Kadir Syed Abdul

Personal information
- Nationality: Singapore
- Born: 16 February 1948 (age 78) Singapore

Boxing career

= Syed Abdul Kadir =

Singaporean boxer

Kadir Syed Abdul, born 16 February 1948, was the first Singaporean to win a medal for boxing in the Commonwealth Games, where he was awarded the bronze medal. He has also been a representative for Singapore in various regional meets.

==Boxing career==
Kadir started boxing at the age of 11 and participated in school boxing championships in the light featherweight class. At 18, he trained under a coach who was an ex-professional boxer. He started competitive boxing in the light flyweight division and started to win matches.

In 1968, with a new coach, Kadir won the Singapore Open title which he defended successfully till 1976, when he retired from boxing. In 1969, he won the National Championship and went on to represent Singapore in the South East Asian Peninsular Games in Bangkok, which he won a bronze medal. In 1970, Kadir represented Singapore in the Asian Games in Bangkok, in which he lost in the first round. In the 1971 SEAP Games, he won the boxing gold medal in the light flyweight category after defeating defending SEAP champion Vanla Dawla. For this, the Singapore National Olympic Council (SNOC) awarded him a merit award.

In 1972, Kadir represented Singapore at the 1972 Olympic Games in Munich but failed to obtain any medal due to an injury, a cut sustained on the eyebrow.
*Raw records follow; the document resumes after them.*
(* If $\lambda,\mu\in\Xi$ are circuits in $\Lambda$ and $V_0\cap F_\lambda\cap F_\mu\neq\emptyset$, then $\lambda$ and $\mu$ are consistent, i.e. $\lambda_e\mu_e\ge0$ for all $e\in E$.
   Context: Let $\mathcal M$ be a regular matroid on a finite ground set $E$, represented by a totally unimodular matrix $M$; $\mathcal F=\ker M\subseteq\mathbb R^E$ with Euclidean inner product, $\Lambda=\ker M\cap\mathbb Z^E$, $V_0=\{x\in\mathcal F:\|x\|\le\|x-\mu\|\ \forall\mu\in\Lambda\}$. A nonzero flow is Eulerian if all coordinates lie in $\{-1,0,1\}$; a circuit in $\Lambda$ is an Eulerian flow whose support is a circuit (minimal dependent set of columns) of $\mathcal M$; $\Xi$ is the set of circuits in $\Lambda$. For $\gamma\in\Xi$, $F_\gamma=\{x\in\mathcal F:2\langle x,\gamma\rangle=\|\gamma\|^2\}$. *)

theory Defs
  imports "HOL-Analysis.Analysis"
begin

text \<open>Ground set E is the finite index type 'e; rows of the representing matrix are
  indexed by the finite type 'r.  Vectors in R^E are elements of real^'e with the
  Euclidean inner product.\<close>

definition det_nat :: "nat \<Rightarrow> (nat \<Rightarrow> nat \<Rightarrow> real) \<Rightarrow> real" where
  "det_nat k A = (\<Sum>p | p permutes {..<k}. of_int (sign p) * (\<Prod>i<k. A i (p i)))"

definition totally_unimodular :: "real^'e^'r \<Rightarrow> bool" where
  "totally_unimodular M \<longleftrightarrow>
     (\<forall>k (f::nat \<Rightarrow> 'r) (g::nat \<Rightarrow> 'e). inj_on f {..<k} \<longrightarrow> inj_on g {..<k} \<longrightarrow>
        det_nat k (\<lambda>i j. M $ f i $ g j) \<in> {-1, 0, 1})"

definition flows :: "real^'e^'r \<Rightarrow> (real^'e) set" where
  "flows M = {x. M *v x = 0}"

definition flow_lattice :: "real^'e^'r \<Rightarrow> (real^'e) set" where
  "flow_lattice M = {x \<in> flows M. \<forall>e. x $ e \<in> \<int>}"
(* Assume $\mathfrak C_R \subseteq \mathfrak m^2$, and let $S$, $s$, $b_1<\cdots<b_s$ and $i_0$ be as in the context. Then the Herzog–Kunz sequence $\widetilde a_1 < \cdots < \widetilde a_{n+s}$ of $S$ satisfies $\widetilde a_j = a_j$ for $j \le i_0$ and $$\{\widetilde a_{i_0+1}, \ldots, \widetilde a_{n+s}\} = \{a_{i_0+1}, \ldots, a_n, b_1, \ldots, b_s\},$$ and $S = k[[\widetilde x_1, \ldots, \widetilde x_{n+s}]]$ with Herzog–Kunz generators $\widetilde x_j = x_j$ for $j \le i_0$ and $\widetilde x_j = t^{\widetilde a_j}$ for $j > i_0$.
   Context: Let $k$ be an algebraically closed field of characteristic $0$ and let $(R,\mathfrak m)$ be a complete local noetherian domain of dimension $1$ containing $k$ with $R/\mathfrak m = k$; its normalization is $\overline R = k[[t]]$, $R\subseteq k[[t]]$ finite birational. Let $v$ be the $t$-adic valuation; for $A \subseteq k((t))$ let $v(A)=\{v(f): f\in A\setminus\{0\}\}$, and $V(T)=v(T)$ for a ring $T$. The conductor is $\mathfrak C_R=\{x\in\overline R: x\overline R\subseteq R\} = t^{c_R}\overline R$. For any such ring $T$ (with maximal ideal $\mathfrak m_T$), its Herzog–Kunz sequence is $v(\mathfrak m_T)\setminus v(\mathfrak m_T^2)$ listed increasingly, and Herzog–Kunz generators are elements of $T$ having exactly these valuations (they generate $T$ as $k[[\cdot]]$, the image of a power series ring). Let $a_1<\cdots<a_n$ be the Herzog–Kunz sequence of $R$ and $x_1,\ldots,x_n$ Herzog–Kunz generators of $R$ with $x_1 = t^{a_1}$. Let $S = R[\mathfrak C_R/x_1]$, let $b_1<\cdots<b_s$ be the elements of $\{c_R-a_1, c_R-a_1+1, \ldots, c_R-1\}$ not in $V(R)$ (so $s$ is the reduced type of $R$), and let $i_0 = \max\{i : a_i < c_R - a_1\}$. Known facts (used as given): $S = R[t^{b_1},\ldots,t^{b_s}]$ is again such a ring, $\mathfrak C_S = t^{c_R-a_1}\overline R$ so $c_S = c_R - a_1$, and $\mathrm{edim}(S) = n+s$. *)

theory Defs
  imports "HOL-Computational_Algebra.Computational_Algebra"
begin

text \<open>Power series over k: the type 'a fps, t = fps_X, v = subdegree.\<close>

definition alg_closed_field :: "('a::field) itself \<Rightarrow> bool" where
  "alg_closed_field _ \<longleftrightarrow> (\<forall>p :: 'a poly. degree p > 0 \<longrightarrow> (\<exists>z. poly p z = 0))"

definition vals :: "'a::field fps set \<Rightarrow> nat set" where
  "vals A = {subdegree f | f. f \<in> A \<and> f \<noteq> 0}"

text \<open>A complete one-dimensional local k-subalgebra of k[[t]] with residue field k,
  normalization k[[t]] (finite birational): a k-subalgebra containing t^c k[[t]] for some c.\<close>
definition curve_ring :: "'a::field fps set \<Rightarrow> bool" where
  "curve_ring R \<longleftrightarrow>
     (\<forall>a. fps_const a \<in> R) \<and>
     (\<forall>f\<in>R. \<forall>g\<in>R. f + g \<in> R \<and> f * g \<in> R \<and> - f \<in> R) \<and>
     (\<exists>c. \<forall>f. (\<forall>i<c. fps_nth f i = 0) \<longrightarrow> f \<in> R)"
lemma Gamma0_on_locally_bounded_below:
  assumes G: "Gamma0_on S \<phi>" and x0: "x0 \<in> S" "\<phi> x0 = ereal c0"
  shows "\<exists>\<delta>>0. \<forall>z\<in>S. norm (z - x0) < \<delta> \<longrightarrow> ereal (c0 - 1) \<le> \<phi> z"
proof (rule ccontr)
  assume "\<not> ?thesis"
  then have "\<forall>n::nat. \<exists>z\<in>S. norm (z - x0) < 1 / real (Suc n) \<and> \<phi> z < ereal (c0 - 1)"
    by (metis not_le of_nat_0_less_iff zero_less_Suc divide_pos_pos zero_less_one)
  then obtain zs where zs: "\<And>n. zs n \<in> S" "\<And>n. norm (zs n - x0) < 1 / real (Suc n)"
    "\<And>n. \<phi> (zs n) < ereal (c0 - 1)" by metis
  have "(\<lambda>n. zs n - x0) \<longlonglongrightarrow> 0" using zs(2) by (rule LIMSEQ_norm_0)
  then have lim: "zs \<longlonglongrightarrow> x0" using Lim_null by blast
  have "\<phi> x0 \<le> ereal (c0 - 1)"
    by (rule Gamma0_on_lsc_le[OF G x0(1) zs(1) lim, of "\<lambda>_. c0 - 1"])
       (use zs(3) in \<open>auto intro: less_imp_le\<close>)
  then show False using x0(2) by simp
qed

text \<open>Convexity propagates the local bound at \<open>x0\<close> along rays, which gives an affine minorant
  in \<open>norm z\<close>.\<close>
lemma Gamma0_on_norm_minorant:
  fixes \<phi> :: "'a::real_normed_vector \<Rightarrow> ereal"
  assumes G: "Gamma0_on S \<phi>" and S: "convex S"
  shows "\<exists>\<alpha> \<beta>. \<beta> \<ge> 0 \<and> (\<forall>z\<in>S. ereal (\<alpha> - \<beta> * norm z) \<le> \<phi> z)"
proof -
  obtain x0 where x0: "x0 \<in> S" "\<phi> x0 \<noteq> \<infinity>" using Gamma0_on_ex_finite[OF G] by blast
  then obtain c0 where c0: "\<phi> x0 = ereal c0" using Gamma0_on_not_MInf[OF G] by (cases "\<phi> x0") auto
  obtain \<delta> where d: "\<delta> > 0" "\<And>z. z \<in> S \<Longrightarrow> norm (z - x0) < \<delta> \<Longrightarrow> ereal (c0 - 1) \<le> \<phi> z"
    using Gamma0_on_locally_bounded_below[OF G x0(1) c0] by blast
  define \<alpha> where "\<alpha> = c0 - 1 - 2 * norm x0 / \<delta>"
  define \<beta> where "\<beta> = 2 / \<delta>"
  have "ereal (\<alpha> - \<beta> * norm z) \<le> \<phi> z" if z: "z \<in> S" for z
  proof (cases "\<phi> z")
    case (real \<zeta>)
    have nb: "\<beta> * norm z + 2 * norm x0 / \<delta> \<ge> 0" using d(1) unfolding \<beta>_def by auto
    show ?thesis
    proof (cases "norm (z - x0) < \<delta>")
      case True
      then have "c0 - 1 \<le> \<zeta>" using d(2)[OF z] real by auto
      then show ?thesis using real nb unfolding \<alpha>_def by auto
    next
      case False
      define \<theta> where "\<theta> = \<delta> / (2 * norm (z - x0))"
      have nz: "norm (z - x0) > 0" using False d(1) by auto
      have th: "0 < \<theta>" "\<theta> < 1" using nz d(1) False unfolding \<theta>_def by (auto simp: field_simps)
      define p where "p = (1 - \<theta>) *\<^sub>R x0 + \<theta> *\<^sub>R z"
      have pS: "p \<in> S" unfolding p_def using th by (intro convexD[OF S x0(1) z]) auto
      have "p - x0 = \<theta> *\<^sub>R (z - x0)" unfolding p_def by (simp add: algebra_simps)
      then have "norm (p - x0) = \<delta> / 2" unfolding \<theta>_def using d(1) nz by simp
      then have "ereal (c0 - 1) \<le> \<phi> p" using d pS by simp
      moreover have "\<phi> p \<le> ereal ((1 - \<theta>) * c0 + \<theta> * \<zeta>)" unfolding p_def
        by (rule Gamma0_on_convex_le[OF G x0(1) z th]) (use c0 real in auto)
      ultimately have "c0 - 1 \<le> (1 - \<theta>) * c0 + \<theta> * \<zeta>" by (metis ereal_less_eq(3) order_trans)
      then have "c0 - 1 / \<theta> \<le> \<zeta>" using th by (simp add: field_simps)
      moreover have "1 / \<theta> \<le> 2 * (norm z + norm x0) / \<delta>"
        using norm_triangle_ineq4[of z x0] d(1) unfolding \<theta>_def by (simp add: divide_right_mono)
      ultimately show ?thesis using real unfolding \<alpha>_def \<beta>_def
        by (simp add: field_simps add_divide_distrib)
    qed
  qed (use Gamma0_on_not_MInf[OF G z] in auto)
  moreover have "\<beta> \<ge> 0" using d(1) unfolding \<beta>_def by simp
  ultimately show ?thesis by blast
qed
(* Assume each $L_r:Lip_d(I)\to Lip_d(I)$ ($r\in\mathbb{N}$) is linear and that there is a linear operator $L$ on $Lip_d(I)$ with $\|Lf\|_\infty=\sup_{r\in\mathbb{N}}\|L_rf\|_\infty$ for all $f\in Lip_d(I)$. Then the non-stationary fractal operator $\mathfrak{F}^\alpha_b:Lip_d(I)\to C(I)$, $\mathfrak{F}^\alpha_b(f)=f^\alpha_b$, is relatively Lipschitz with respect to $L$: for all $f,g\in Lip_d(I)$, $$\|\mathfrak{F}^\alpha_b(f)-\mathfrak{F}^\alpha_b(g)\|_\infty\le\frac{1}{1-\|\alpha\|_\infty}\|f-g\|_\infty+\frac{\|\alpha\|_\infty}{1-\|\alpha\|_\infty}\|Lf-Lg\|_\infty,$$ so the $L$-Lipschitz constant of $\mathfrak{F}^\alpha_b$ does not exceed $\frac{\|\alpha\|_\infty}{1-\|\alpha\|_\infty}$.
   Context: Setting: $I=[x_0,x_N]$ with partition $\Delta: x_0<x_1<\dots<x_N$, $I_i=[x_{i-1},x_i]$, $l_i:I\to I_i$ the increasing affine bijection $l_i(x)=\frac{x_i-x_{i-1}}{x_N-x_0}x+\frac{x_Nx_{i-1}-x_0x_i}{x_N-x_0}$, and $Q_i=l_i^{-1}$. Scaling functions $\alpha_{i,r}:I\to\mathbb{R}$ ($i=1,\dots,N$, $r\in\mathbb{N}$) are continuous with $\|\alpha\|_\infty:=\sup_{r}\max_i\|\alpha_{i,r}\|_\infty<1$. $Lip_d(I)$ ($0<d\le1$) is the space of real functions $g$ on $I$ with $\sup_{x\ne y}|g(x)-g(y)|/|x-y|^d<\infty$, regarded as a subset of $C(I)$ with the supremum norm. $L_r$ satisfy $(L_rg)(x_0)=g(x_0)$, $(L_rg)(x_N)=g(x_N)$ and $\sup_r\|L_r\|_\infty<\infty$ (operator norms w.r.t. the sup norm). An operator $\mathcal{T}_1$ is relatively Lipschitz w.r.t. $\mathcal{T}_2$ if $\|\mathcal{T}_1u-\mathcal{T}_1v\|\le M_1\|u-v\|+M_2\|\mathcal{T}_2u-\mathcal{T}_2v\|$ for some $M_1,M_2\ge0$ and all $u,v$; the infimum of such $M_2$ is the $\mathcal{T}_2$-Lipschitz constant. Non-stationary $\alpha$-fractal function: for $f\in C(I)$ and base functions $b_r\in C(I)$ with $b_r(x_0)=f(x_0)$, $b_r(x_N)=f(x_N)$, $\sup_r\|b_r\|_\infty<\infty$, let $C_f(I)=\{g\in C(I):g(x_0)=f(x_0),g(x_N)=f(x_N)\}$ and $T^{\alpha_r}:C_f(I)\to C_f(I)$, $(T^{\alpha_r}g)(x)=f(x)+\alpha_{i,r}(Q_i(x))(g-b_r)(Q_i(x))$ for $x\in I_i$. For every $g\in C_f(I)$, $T^{\alpha_1}\circ\cdots\circ T^{\alpha_r}g$ converges uniformly to a function independent of $g$; this is the non-stationary $\alpha$-fractal function. $f^\alpha_b$ denotes it for $f\in Lip_d(I)$ with $b_r=L_rf$. *)

theory Defs
  imports "HOL-Analysis.Analysis"
begin

(* Partition x_0 < ... < x_N of I = [x_0, x_N], given by xs :: nat => real. *)

definition Ivl :: "(nat \<Rightarrow> real) \<Rightarrow> nat \<Rightarrow> real set" where
  "Ivl xs N = {xs 0 .. xs N}"

definition supnorm :: "real set \<Rightarrow> (real \<Rightarrow> real) \<Rightarrow> real" where
  "supnorm S h = (SUP x\<in>S. \<bar>h x\<bar>)"

definition Lip :: "real \<Rightarrow> real set \<Rightarrow> (real \<Rightarrow> real) set" where
  "Lip d S = {g. \<exists>K. \<forall>x\<in>S. \<forall>y\<in>S. \<bar>g x - g y\<bar> \<le> K * \<bar>x - y\<bar> powr d}"

(* Q_i = l_i^{-1} : I_i -> I *)
definition Qmap :: "(nat \<Rightarrow> real) \<Rightarrow> nat \<Rightarrow> nat \<Rightarrow> real \<Rightarrow> real" where
  "Qmap xs N i x = xs 0 + (x - xs (i - 1)) * (xs N - xs 0) / (xs i - xs (i - 1))"

(* index i with x in I_i (the smallest such one at the knots) *)
definition idx :: "(nat \<Rightarrow> real) \<Rightarrow> nat \<Rightarrow> real \<Rightarrow> nat" where
  "idx xs N x = (LEAST i. 1 \<le> i \<and> x \<le> xs i)"

(* (T^{alpha_r} g)(x) = f x + alpha_{i,r}(Q_i x) * (g - b_r)(Q_i x), x in I_i;
   alpha i r is the scaling function alpha_{i,r} *)
definition Top :: "(nat \<Rightarrow> real) \<Rightarrow> nat \<Rightarrow> (nat \<Rightarrow> nat \<Rightarrow> real \<Rightarrow> real)
    \<Rightarrow> nat \<Rightarrow> (real \<Rightarrow> real) \<Rightarrow> (real \<Rightarrow> real) \<Rightarrow> (real \<Rightarrow> real) \<Rightarrow> real \<Rightarrow> real" where
  "Top xs N alpha r f b g x =
     (let i = idx xs N x; q = Qmap xs N i x in f x + alpha i r q * (g q - b q))"
(* Let $\alpha=(\alpha_1,\dots,\alpha_k)$ be an integer composition of $n>0$ and let $\max(\alpha)$ be its largest part. Then the parabolic Tamari lattice $\mathrm{Tam}(\alpha)$ has order dimension $n-\max(\alpha)$.
   Context: The $\alpha$-regions are the sets $\{\alpha_1+\dots+\alpha_{i-1}+1,\dots,\alpha_1+\dots+\alpha_i\}$, $i\in[k]$, of nodes in $[n]$. An $\alpha$-arc is a pair $w_{a,b}=(a,b)$ with $1\le a<b\le n$ and $a,b$ in different $\alpha$-regions. Let $G_\alpha$ be the directed graph on $\alpha$-arcs with an edge $w_{a_1,b_1}\to w_{a_2,b_2}$ between distinct arcs whenever either $a_1,a_2$ are in the same $\alpha$-region and $a_1\le a_2<b_2\le b_1$, or $a_1,a_2$ are in different $\alpha$-regions, $a_2<a_1<b_2\le b_1$, and $a_1,b_2$ are in different $\alpha$-regions. For a directed graph $G$, a maximal orthogonal pair is a pair $(X,Y)$ of disjoint vertex subsets with no edge from $X$ to $Y$, maximal for this property; ordered by $X\subseteq X'$ they form a lattice $L(G)$. $\mathrm{Tam}(\alpha):=L(G_\alpha)$ (the extremal lattice with Galois graph $G_\alpha$). The order dimension of a poset is the least $d$ such that it embeds as a subposet of $\mathbb R^d$ with the componentwise order. *)

theory Defs
  imports Main "HOL.Real"
begin

text \<open>Integer composition alpha = (alpha_1,...,alpha_k) is a list of positive naturals.
  Regions are 0-indexed here: region i = {alpha_1+...+alpha_i + 1 .. alpha_1+...+alpha_(i+1)}.\<close>

definition is_composition :: "nat list \<Rightarrow> nat \<Rightarrow> bool" where
  "is_composition \<alpha> n \<longleftrightarrow> (\<forall>p\<in>set \<alpha>. 0 < p) \<and> sum_list \<alpha> = n"

definition alpha_region :: "nat list \<Rightarrow> nat \<Rightarrow> nat set" where
  "alpha_region \<alpha> i = {sum_list (take i \<alpha>) + 1 .. sum_list (take (Suc i) \<alpha>)}"

definition same_region :: "nat list \<Rightarrow> nat \<Rightarrow> nat \<Rightarrow> bool" where
  "same_region \<alpha> a b \<longleftrightarrow> (\<exists>i<length \<alpha>. a \<in> alpha_region \<alpha> i \<and> b \<in> alpha_region \<alpha> i)"

definition alpha_arcs :: "nat list \<Rightarrow> (nat \<times> nat) set" where
  "alpha_arcs \<alpha> = {(a, b). 1 \<le> a \<and> a < b \<and> b \<le> sum_list \<alpha> \<and> \<not> same_region \<alpha> a b}"

definition alpha_edge :: "nat list \<Rightarrow> nat \<times> nat \<Rightarrow> nat \<times> nat \<Rightarrow> bool" where
  "alpha_edge \<alpha> w1 w2 \<longleftrightarrow>
     w1 \<in> alpha_arcs \<alpha> \<and> w2 \<in> alpha_arcs \<alpha> \<and> w1 \<noteq> w2 \<and>
     (let a1 = fst w1; b1 = snd w1; a2 = fst w2; b2 = snd w2 in
       (same_region \<alpha> a1 a2 \<and> a1 \<le> a2 \<and> a2 < b2 \<and> b2 \<le> b1) \<or>
       (\<not> same_region \<alpha> a1 a2 \<and> a2 < a1 \<and> a1 < b2 \<and> b2 \<le> b1 \<and> \<not> same_region \<alpha> a1 b2))"

definition orthogonal_pair :: "'v set \<Rightarrow> ('v \<Rightarrow> 'v \<Rightarrow> bool) \<Rightarrow> 'v set \<Rightarrow> 'v set \<Rightarrow> bool" where
  "orthogonal_pair V E X Y \<longleftrightarrow> X \<subseteq> V \<and> Y \<subseteq> V \<and> X \<inter> Y = {} \<and> (\<forall>x\<in>X. \<forall>y\<in>Y. \<not> E x y)"

definition max_orthogonal_pair :: "'v set \<Rightarrow> ('v \<Rightarrow> 'v \<Rightarrow> bool) \<Rightarrow> 'v set \<Rightarrow> 'v set \<Rightarrow> bool" where
  "max_orthogonal_pair V E X Y \<longleftrightarrow> orthogonal_pair V E X Y \<and>
     (\<forall>X' Y'. orthogonal_pair V E X' Y' \<and> X \<subseteq> X' \<and> Y \<subseteq> Y' \<longrightarrow> X' = X \<and> Y' = Y)"

definition mop_lattice :: "'v set \<Rightarrow> ('v \<Rightarrow> 'v \<Rightarrow> bool) \<Rightarrow> ('v set \<times> 'v set) set" where
  "mop_lattice V E = {(X, Y). max_orthogonal_pair V E X Y}"

definition mop_le :: "('v set \<times> 'v set) \<Rightarrow> ('v set \<times> 'v set) \<Rightarrow> bool" where
  "mop_le p q \<longleftrightarrow> fst p \<subseteq> fst q"

definition Tam :: "nat list \<Rightarrow> ((nat \<times> nat) set \<times> (nat \<times> nat) set) set" where
  "Tam \<alpha> = mop_lattice (alpha_arcs \<alpha>) (alpha_edge \<alpha>)"

text \<open>Order dimension: least d such that the poset embeds into R^d (componentwise order).
  Points of R^d are represented as functions nat \<Rightarrow> real, only coordinates < d matter.\<close>

definition embeds_in_Rd :: "'a set \<Rightarrow> ('a \<Rightarrow> 'a \<Rightarrow> bool) \<Rightarrow> nat \<Rightarrow> bool" where
  "embeds_in_Rd P le d \<longleftrightarrow> (\<exists>f :: 'a \<Rightarrow> nat \<Rightarrow> real.
      inj_on f P \<and> (\<forall>x\<in>P. \<forall>y\<in>P. le x y \<longleftrightarrow> (\<forall>i<d. f x i \<le> f y i)))"

definition order_dimension :: "'a set \<Rightarrow> ('a \<Rightarrow> 'a \<Rightarrow> bool) \<Rightarrow> nat" where
  "order_dimension P le = (LEAST d. embeds_in_Rd P le d)"

end

theory Submission
  imports Defs
begin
In 1973, he won the silver medal at the SEAP Games.

In 1974, Kadir won a bronze medal at the British Commonwealth Games in New Zealand, Singapore's third medal at the Games but the first outside weightlifting. He was then named the Sportsman of the Year by the SNOC, in recognition for his contribution to boxing and sports in Singapore. He also attended the Asian Games in Tehran but was lost again in the first round. In 1975, Kadir earned another silver at the SEAP Games in Bangkok.

In late 1976, Kadir announced his retirement after the President's Cup in Jakarta. He retired with a record of 11 losses in over 100 fights and reigned as Singapore champion for eight years.

==Coaching career==
After retiring from competition, Kadir began coaching the national boxing team and served on Singapore Amateur Boxing Association (SABA) management committee.

In 1985, the national team won several international medals, including its first Southeast Asian Games gold in 12 years. He was named Coach of the Year by the SNOC for that year, making him the second person after bowler Henry Tan to receive both the Sportsman and Coach of the Year honours.

Kadir left SABA in 1998 but returned in 1989 when he was appointed as the chairman of the coaching committee of the Sea Games squad.

In 2009, Kadir was elected as the president of SABA, having served in various capacities at the association over the past three decades - as national coach, honorary secretary and vice-president.

==Personal life==
Kadir studied in St Andrew's Junior School and Bartley Secondary School.

Kadir married Zalia Jaffar, a receptionist for the Singapore Sports Council, in 1974. They have a son, Syed Muhammed Fahmy, who also became Singaporean boxing champion and a daughter Hanni.